Topics
late
AI
Amazon
Image Credits:stockcam / Getty Images
Apps
Biotech & Health
mood
Cloud Computing
DoC
Crypto
enterprisingness
EVs
Fintech
Fundraising
contraption
Gaming
Government & Policy
computer hardware
layoff
Media & Entertainment
Meta
Microsoft
Privacy
Robotics
security measures
societal
Space
Startups
TikTok
transport
Venture
More from TechCrunch
event
Startup Battlefield
StrictlyVC
Podcasts
Videos
Partner Content
TechCrunch Brand Studio
Crunchboard
Contact Us
Redditannouncedon Tuesday that it ’s update its Robots Exclusion Protocol ( robots.txt file ) , which tells automatise vane bot whether they are permitted to cringe a web site .
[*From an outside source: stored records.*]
(* Let $\Delta\ge 1$ and $0\le\lambda<1$. Let $T$ be a rooted tree with $n$ vertices and $\Delta(T)\le\Delta$. Then there is a subtree $Q$ of $T$ containing the root with $|Q|\in[(1-2\lambda)n,\,(1-\lambda)n+2\Delta]$ such that $T\setminus Q$ has at most $\Delta$ connected components, each of order at most $\lambda n$.
   Context: For graphs $T\supseteq Q$, $T\setminus Q$ denotes the graph with edge set $E(T)\setminus E(Q)$ and isolated vertices deleted. $|Q|$ is the number of vertices of $Q$; $\Delta(T)$ is the maximum degree. *)

theory Defs
  imports Complex_Main
begin

definition is_graph :: "'a set \<Rightarrow> 'a set set \<Rightarrow> bool" where
  "is_graph V E \<longleftrightarrow> finite V \<and>
     (\<forall>e\<in>E. \<exists>u v. e = {u, v} \<and> u \<noteq> v \<and> u \<in> V \<and> v \<in> V)"

definition adj :: "'a set set \<Rightarrow> 'a \<Rightarrow> 'a \<Rightarrow> bool" where
  "adj E u v \<longleftrightarrow> {u, v} \<in> E"

definition conn :: "'a set set \<Rightarrow> 'a \<Rightarrow> 'a \<Rightarrow> bool" where
  "conn E = (adj E)\<^sup>*\<^sup>*"

definition connected_graph :: "'a set \<Rightarrow> 'a set set \<Rightarrow> bool" where
  "connected_graph V E \<longleftrightarrow> (\<forall>u\<in>V. \<forall>v\<in>V. conn E u v)"

text \<open>Acyclic: no edge lies on a cycle, i.e. after deleting any edge its endpoints
  are no longer connected.\<close>
definition acyclic_graph :: "'a set set \<Rightarrow> bool" where
  "acyclic_graph E \<longleftrightarrow> (\<forall>e\<in>E. \<forall>u v. e = {u, v} \<longrightarrow> \<not> conn (E - {e}) u v)"

definition is_tree :: "'a set \<Rightarrow> 'a set set \<Rightarrow> bool" where
  "is_tree V E \<longleftrightarrow> is_graph V E \<and> V \<noteq> {} \<and> connected_graph V E \<and> acyclic_graph E"

definition degree :: "'a set set \<Rightarrow> 'a \<Rightarrow> nat" where
  "degree E v = card {e\<in>E. v \<in> e}"

definition components :: "'a set \<Rightarrow> 'a set set \<Rightarrow> 'a set set" where
  "components V E = (\<lambda>v. {u\<in>V. conn E v u}) ` V"

text \<open>T minus Q: edge set E(T) - E(Q), isolated vertices deleted, so the vertex
  set is the set of endpoints of the remaining edges.\<close>
definition diff_verts :: "'a set set \<Rightarrow> 'a set set \<Rightarrow> 'a set" where
  "diff_verts ET EQ = \<Union>(ET - EQ)"

end

theory Submission
  imports Defs
begin

text \<open>Let n = |T|. Choose a vertex v of minimal subtree size among those whose subtree has
  more than \<lambda>n vertices. Every branch hanging below v then has at most \<lambda>n vertices, there
  are at most \<Delta> of them, and together with v they cover the subtree of v. Hence the
  quantities |B| - 1 over these branches B sum to more than \<lambda>n - 1 - \<Delta>, each being at
  most \<lambda>n, so a greedily chosen subfamily has sum between \<lambda>n - 2\<Delta> and 2\<lambda>n.
  Q is obtained from T by deleting the chosen branches except for their top vertices:
  it remains a tree containing the root, and T \<setminus> Q consists of the chosen branches.\<close>

lemma conn_refl [simp]: "conn F x x"
  unfolding conn_def by simp

lemma conn_step: "conn F x y \<Longrightarrow> {y, z} \<in> F \<Longrightarrow> conn F x z"
  unfolding conn_def adj_def by (simp add: rtranclp.rtrancl_into_rtrancl)

lemma conn_trans: "conn F x y \<Longrightarrow> conn F y z \<Longrightarrow> conn F x z"
  unfolding conn_def by (rule rtranclp_trans)

lemma conn_sym: "conn F x y \<Longrightarrow> conn F y x"
  unfolding conn_def
proof (induction rule: rtranclp.induct)
  case (rtrancl_into_rtrancl a b c)
  then have "adj F c b" by (simp add: adj_def insert_commute)
  then show ?case using rtrancl_into_rtrancl(3) by (meson converse_rtranclp_into_rtranclp)
qed simp

lemma conn_mono: "conn F x y \<Longrightarrow> F \<subseteq> G \<Longrightarrow> conn G x y"
  unfolding conn_def adj_def using mono_rtranclp[of "\<lambda>u v. {u, v} \<in> F" "\<lambda>u v. {u, v} \<in> G"]
  by blast

lemma conn_map:
  assumes "conn F a b"
    and "\<And>x y. {x, y} \<in> F \<Longrightarrow> p x = p y \<or> {p x, p y} \<in> G"
  shows "conn G (p a) (p b)"
  using assms(1) unfolding conn_def
proof (induction rule: rtranclp_induct)
  case (step y z)
  then have "p y = p z \<or> {p y, p z} \<in> G" using assms(2) by (simp add: adj_def)
  then show ?case using step(3) by (metis conn_def conn_step)
qed simp

lemma conn_imp_edge_at: "conn F a u \<Longrightarrow> a \<noteq> u \<Longrightarrow> \<exists>f\<in>F. a \<in> f"
  unfolding conn_def by (induction rule: converse_rtranclp_induct) (auto simp: adj_def)

lemma acyclic_graph_subset: "acyclic_graph E \<Longrightarrow> F \<subseteq> E \<Longrightarrow> acyclic_graph F"
  unfolding acyclic_graph_def by (meson Diff_mono conn_mono order_refl subsetD)

lemma subset_sum_between:
  fixes w :: "'b \<Rightarrow> real"
  assumes "finite A" "\<And>a. a \<in> A \<Longrightarrow> 0 \<le> w a" "\<And>a. a \<in> A \<Longrightarrow> w a \<le> M" "0 \<le> M"
    and "L \<le> sum w A"
  shows "\<exists>S\<subseteq>A. L \<le> sum w S \<and> sum w S \<le> max L 0 + M"
  using assms
proof (induction A rule: finite_induct)
  case (insert a A)
  show ?case
  proof (cases "L \<le> sum w A")
    case True
    then show ?thesis using insert.IH insert.prems by (meson subset_insertI2 insertCI)
  next
    case False
    then have "sum w (insert a A) \<le> max L 0 + M"
      using insert.hyps insert.prems(2)[of a] by simp
    then show ?thesis using insert.prems(4) by blast
  qed
qed auto

locale tree_graph =
  fixes V :: "'a set" and E :: "'a set set"
  assumes tree: "is_tree V E"
begin

lemma finite_V: "finite V"
  using tree by (simp add: is_tree_def is_graph_def)

lemma edge_doubleton: "e \<in> E \<Longrightarrow> \<exists>u v. e = {u, v} \<and> u \<noteq> v \<and> u \<in> V \<and> v \<in> V"
  using tree unfolding is_tree_def is_graph_def by blast

lemma edge_endpoints: "{x, y} \<in> E \<Longrightarrow> x \<noteq> y \<and> x \<in> V \<and> y \<in> V"
  using edge_doubleton[of "{x, y}"] by (auto simp: doubleton_eq_iff)

lemma finite_E: "finite E"
proof -
  have "E \<subseteq> Pow V" using edge_doubleton by blast
  then show ?thesis using finite_V by (meson finite_Pow_iff finite_subset)
qed

lemma tree_connected: "u \<in> V \<Longrightarrow> w \<in> V \<Longrightarrow> conn E u w"
  using tree by (simp add: is_tree_def connected_graph_def)

lemma conn_target_in_V: "conn F a u \<Longrightarrow> F \<subseteq> E \<Longrightarrow> a \<in> V \<Longrightarrow> u \<in> V"
  unfolding conn_def
proof (induction rule: rtranclp_induct)
  case (step y z)
  then show ?case using edge_endpoints[of y z] by (auto simp: adj_def)
qed

lemma edge_is_bridge: "{a, b} \<in> E \<Longrightarrow> \<not> conn (E - {{a, b}}) a b"
  using tree unfolding is_tree_def acyclic_graph_def by blast

definition branch :: "'a \<Rightarrow> 'a \<Rightarrow> 'a set" where
  "branch a b = {u. conn (E - {{a, b}}) b u}"

lemma branch_self [simp]: "b \<in> branch a b"
  by (simp add: branch_def)

lemma source_notin_branch: "{a, b} \<in> E \<Longrightarrow> a \<notin> branch a b"
  unfolding branch_def by (metis edge_is_bridge conn_sym mem_Collect_eq)

lemma branch_closed:
  assumes "y \<in> branch a b" "{y, z} \<in> E" "{y, z} \<noteq> {a, b}"
  shows "z \<in> branch a b"
  using assms conn_step[of "E - {{a, b}}" b y z] unfolding branch_def by simp

lemma edge_leaving_branch:
  assumes "{a, b} \<in> E" "x \<in> branch a b" "{x, y} \<in> E" "y \<notin> branch a b"
  shows "x = b \<and> y = a"
proof -
  have "{x, y} = {a, b}" using branch_closed assms(2-4) by blast
  moreover have "x \<noteq> a" using source_notin_branch assms(1,2) by blast
  ultimately show ?thesis by (auto simp: doubleton_eq_iff)
qed

lemma branch_subset_V: "{a, b} \<in> E \<Longrightarrow> branch a b \<subseteq> V"
  unfolding branch_def using conn_target_in_V[of "E - {{a, b}}" b] edge_endpoints by blast

lemma finite_branch: "{a, b} \<in> E \<Longrightarrow> finite (branch a b)"
  using branch_subset_V finite_V by (rule finite_subset)

lemma card_branch_ge_1: "{a, b} \<in> E \<Longrightarrow> 1 \<le> card (branch a b)"
  using finite_branch branch_self[of b a] by (metis One_nat_def Suc_leI card_gt_0_iff empty_iff)

lemma branch_cover:
  assumes "{a, b} \<in> E" "u \<in> V"
  shows "u \<in> branch a b \<or> u \<in> branch b a"
proof -
  have "conn E a u" using tree_connected edge_endpoints assms by blast
  then show ?thesis unfolding conn_def
  proof (induction rule: rtranclp_induct)
    case (step y z)
    then have yz: "{y, z} \<in> E" by (simp add: adj_def)
    show ?case
    proof (cases "{y, z} = {a, b}")
      case True
      then have "z = a \<or> z = b" by (metis doubleton_eq_iff)
      then show ?thesis by auto
    next
      case False
      then have "{y, z} \<noteq> {b, a}" by (simp add: insert_commute)
      then show ?thesis using step(3) branch_closed yz False by blast
    qed
  qed simp
qed

lemma conn_into_branch:
  assumes "{a, b} \<in> E" "F \<subseteq> E" "conn F s y" "s \<notin> branch a b" "y \<in> branch a b"
  shows "{a, b} \<in> F \<and> conn F s a"
  using assms(3,5) unfolding conn_def
proof (induction rule: rtranclp_induct)
  case (step y z)
  show ?case
  proof (cases "y \<in> branch a b")
    case False
    have yz: "{y, z} \<in> F" using step(2) by (simp add: adj_def)
    then have "{z, y} \<in> E" using assms(2) by (auto simp: insert_commute)
    then have "z = b \<and> y = a" using edge_leaving_branch[OF assms(1) step(4)] False by blast
    then show ?thesis using yz step(1) by (simp add: insert_commute)
  next
    case True
    then show ?thesis using step(3) by blast
  qed
next
  case base
  then show ?case using assms(4) by blast
qed

lemma conn_within_branch:
  assumes "{a, b} \<in> E" "x \<in> branch a b" "y \<in> branch a b"
  shows "conn {f\<in>E. f \<subseteq> branch a b} x y"
proof -
  have "conn {f\<in>E. f \<subseteq> branch a b} b u" if "u \<in> branch a b" for u
    using that[unfolded branch_def mem_Collect_eq conn_def]
  proof (induction rule: rtranclp_induct)
    case (step y z)
    have "y \<in> branch a b" using step(1) by (simp add: branch_def conn_def)
    moreover have "z \<in> branch a b"
      using step(1,2) by (simp add: branch_def conn_def rtranclp.rtrancl_into_rtrancl)
    moreover have "{y, z} \<in> E" using step(2) by (simp add: adj_def)
    ultimately have "{y, z} \<in> {f\<in>E. f \<subseteq> branch a b}" by simp
    then show ?case by (rule conn_step[OF step(3)])
  qed simp
  then have "conn {f\<in>E. f \<subseteq> branch a b} b x" "conn {f\<in>E. f \<subseteq> branch a b} b y"
    using assms(2,3) by blast+
  then show ?thesis by (rule conn_trans[OF conn_sym])
qed

lemma conn_within_branch_avoiding_source:
  assumes "{a, b} \<in> E" "x \<in> branch a b" "y \<in> branch a b"
  shows "conn {f\<in>E. a \<notin> f} x y"
proof (rule conn_mono[OF conn_within_branch[OF assms]])
  show "{f\<in>E. f \<subseteq> branch a b} \<subseteq> {f\<in>E. a \<notin> f}"
    using source_notin_branch[OF assms(1)] by blast
qed

lemma branch_of_neighbour:
  assumes "v \<in> V" "u \<in> V" "u \<noteq> v"
  shows "\<exists>c. {v, c} \<in> E \<and> u \<in> branch v c"
proof -
  have "conn E v u" using tree_connected assms by blast
  then have "u = v \<or> (\<exists>c. {v, c} \<in> E \<and> u \<in> branch v c)" unfolding conn_def
  proof (induction rule: rtranclp_induct)
    case (step y z)
    have yz: "{y, z} \<in> E" using step(2) by (simp add: adj_def)
    from step(3) show ?case
    proof
      assume "y = v"
      then show ?thesis using yz branch_self by blast
    next
      assume "\<exists>c. {v, c} \<in> E \<and> y \<in> branch v c"
      then obtain c where c: "{v, c} \<in> E" "y \<in> branch v c" by blast
      show ?thesis
      proof (cases "z \<in> branch v c")
        case False
        then show ?thesis using edge_leaving_branch[OF c(1,2) yz] by blast
      qed (use c in blast)
    qed
  qed simp
  then show ?thesis using assms by blast
qed

lemma branch_disjoint:
  assumes "{v, c} \<in> E" "{v, c'} \<in> E" "c \<noteq> c'"
  shows "branch v c \<inter> branch v c' = {}"
proof (rule ccontr)
  assume "branch v c \<inter> branch v c' \<noteq> {}"
  then obtain x where x: "x \<in> branch v c" "x \<in> branch v c'" by blast
  have "c' \<notin> branch v c"
  proof
    assume "c' \<in> branch v c"
    moreover have "{c', v} \<in> E" using assms(2) by (simp add: insert_commute)
    ultimately show False
      using edge_leaving_branch[OF assms(1), of c' v] source_notin_branch[OF assms(1)] assms(3)
      by blast
  qed
  moreover have "conn (E - {{v, c'}}) c' x" using x by (simp add: branch_def)
  ultimately have "conn (E - {{v, c'}}) c' v"
    using conn_into_branch[OF assms(1), of "E - {{v, c'}}" c' x] x by blast
  then have "conn (E - {{v, c'}}) v c'" by (rule conn_sym)
  then show False using edge_is_bridge[OF assms(2)] by blast
qed



definition neighbours :: "'a \<Rightarrow> 'a set" where
  "neighbours v = {c. {v, c} \<in> E}"

lemma finite_neighbours: "finite (neighbours v)"
proof -
  have "neighbours v \<subseteq> V" using edge_endpoints by (auto simp: neighbours_def)
  then show ?thesis using finite_V by (rule finite_subset)
qed

lemma card_neighbours_le_degree: "card (neighbours v) \<le> degree E v"
proof -
  have "inj_on (\<lambda>c. {v, c}) (neighbours v)" by (auto simp: inj_on_def doubleton_eq_iff)
  moreover have "(\<lambda>c. {v, c}) ` neighbours v \<subseteq> {e\<in>E. v \<in> e}" by (auto simp: neighbours_def)
  ultimately show ?thesis unfolding degree_def using finite_E by (simp add: card_inj_on_le)
qed

definition pruned_vertices :: "'a \<Rightarrow> 'a set \<Rightarrow> 'a set" where
  "pruned_vertices v S = V - (\<Union>c\<in>S. branch v c - {c})"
Historically , robots.txt file was used to leave search engines to kowtow a site and then direct people to the mental object . However , with the rise of AI , websites are being scraped and used to train modeling without acknowledging the actual reference of the content .
Along with the update robots.txt file , Reddit will continue rate - limiting and blocking nameless bots and crawlers from accessing its program . The company tell apart TechCrunch that bots and creeper will be charge per unit - limited or blocked if they do n’t abide by Reddit ’s Public Content Policy and do n’t have an concord with the program .
Reddit read the update should n’t regard the legal age of users or good religion actors , like researchers and brass , such as the Internet Archive . Instead , the update is designed to discourage AI company from training their gravid words models on Reddit mental object . Of course , AI dew worm could cut Reddit ’s robots.txt file .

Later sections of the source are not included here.